Search the records for "assumes" and copy each line that holds it.

(Stored data entries)

#####

lemma ca_iterates_agree_on_region:
  assumes closed: "\<And>g s. g \<in> U - B \<Longrightarrow> s \<in> S \<Longrightarrow> g + s \<in> U"
    and initial: "\<forall>g\<in>U. x g = y g"
    and boundary: "\<And>t g. g \<in> B \<Longrightarrow> (ca S \<mu> ^^ t) x g = (ca S \<mu> ^^ t) y g"
    and "g \<in> U"
  shows "(ca S \<mu> ^^ t) x g = (ca S \<mu> ^^ t) y g"
  using \<open>g \<in> U\<close>
proof (induction t arbitrary: g)
  case 0
  then show ?case using initial by simp
next
  case (Suc t)
  show ?case
  proof (cases "g \<in> B")
    case True
    then show ?thesis by (rule boundary)
  next
    case False
    with Suc.prems have "\<forall>s\<in>S. (ca S \<mu> ^^ t) x (g + s) = (ca S \<mu> ^^ t) y (g + s)"
      using closed Suc.IH by blast
    then show ?thesis unfolding ca_funpow_Suc by (simp cong: restrict_cong)
  qed
qed

lemma cdist_le_half_power_iff:
  "cdist Gs x y \<le> (1/2) ^ N \<longleftrightarrow> (\<forall>g. wlen Gs g < N \<longrightarrow> x g = y g)"
proof (cases "x = y")
  case False
  define k where "k = (LEAST k. \<exists>g. wlen Gs g = k \<and> x g \<noteq> y g)"
  have attained: "\<exists>g. wlen Gs g = k \<and> x g \<noteq> y g"
    unfolding k_def by (rule LeastI_ex) (use False in auto)
  have minimal: "k \<le> wlen Gs g" if "x g \<noteq> y g" for g
    unfolding k_def by (rule Least_le) (use that in blast)
  have "cdist Gs x y \<le> (1/2) ^ N \<longleftrightarrow> N \<le> k"
    using False by (simp add: cdist_def k_def power_decreasing_iff)
  then show ?thesis using attained minimal by (meson le_trans not_le)
qed (simp add: cdist_def)
theorem lemma16:
  fixes r s t :: nat and A B C A' B' C' :: "nat list" and d d' :: nat
  assumes "1 \<le> r" "r \<le> s" "s \<le> t"
    and "e3c_vert r s t (A, B, C, d)" and "e3c_vert r s t (A', B', C', d')"
    and "A = A'" "B \<noteq> B'" "C = C'" "d \<noteq> d'"
  shows "\<exists>P. finite P \<and> card P = 2 * r + 2 \<and>
     internally_disjoint (A, B, C, d) (A', B', C', d') P \<and>
     (\<forall>p\<in>P. e3c_path r s t (A, B, C, d) (A', B', C', d') p \<and>
        (({d, d'} = {0, 1} \<or> {d, d'} = {1, 2}) \<longrightarrow> path_len p \<le> s + 6) \<and>
        ({d, d'} = {0, 2} \<longrightarrow> path_len p \<le> s + 8))"
proof -
  have tern: "tern r A" "tern s B" "tern s B'" "tern t C" and "d < 3" "d' < 3"
    using assms(4-6,8) by (auto simp: e3c_vert_def)
  define L where "L = (if {d, d'} = {0, 2} then s + 8 else s + 6)"
  have "\<exists>P. short_disjoint_paths r s t (A, B, C, d) (A, B', C, d') (2 * r + 2) L P"
  proof (cases "d < d'")
    case True
    then have "L = (if d = 0 \<and> d' = 2 then s + 8 else s + 6)"
      by (auto simp: L_def doubleton_eq_iff)
    then show ?thesis
      using short_disjoint_paths_ordered_layers[OF assms(1-3) tern assms(7) True \<open>d' < 3\<close>] by simp
  next
    case False
    then have "d' < d" "L = (if d' = 0 \<and> d = 2 then s + 8 else s + 6)"
      using assms(9) by (auto simp: L_def doubleton_eq_iff)
    then obtain P where "short_disjoint_paths r s t (A, B', C, d') (A, B, C, d) (2 * r + 2) L P"
      using short_disjoint_paths_ordered_layers[OF assms(1-3) tern(1,3,2,4) assms(7)[symmetric]
          \<open>d' < d\<close> \<open>d < 3\<close>]
      by auto
    then show ?thesis
      using short_disjoint_paths_rev by blast
  qed
  then show ?thesis
    using assms(6,8) by (auto simp: short_disjoint_paths_def L_def doubleton_eq_iff)
qed

end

#####

EXERCISE SOLUTION
  assumes closed: "\<And>g s. g \<in> U - B \<Longrightarrow> s \<in> S \<Longrightarrow> g + s \<in> U"
  assumes "1 \<le> r" "r \<le> s" "s \<le> t"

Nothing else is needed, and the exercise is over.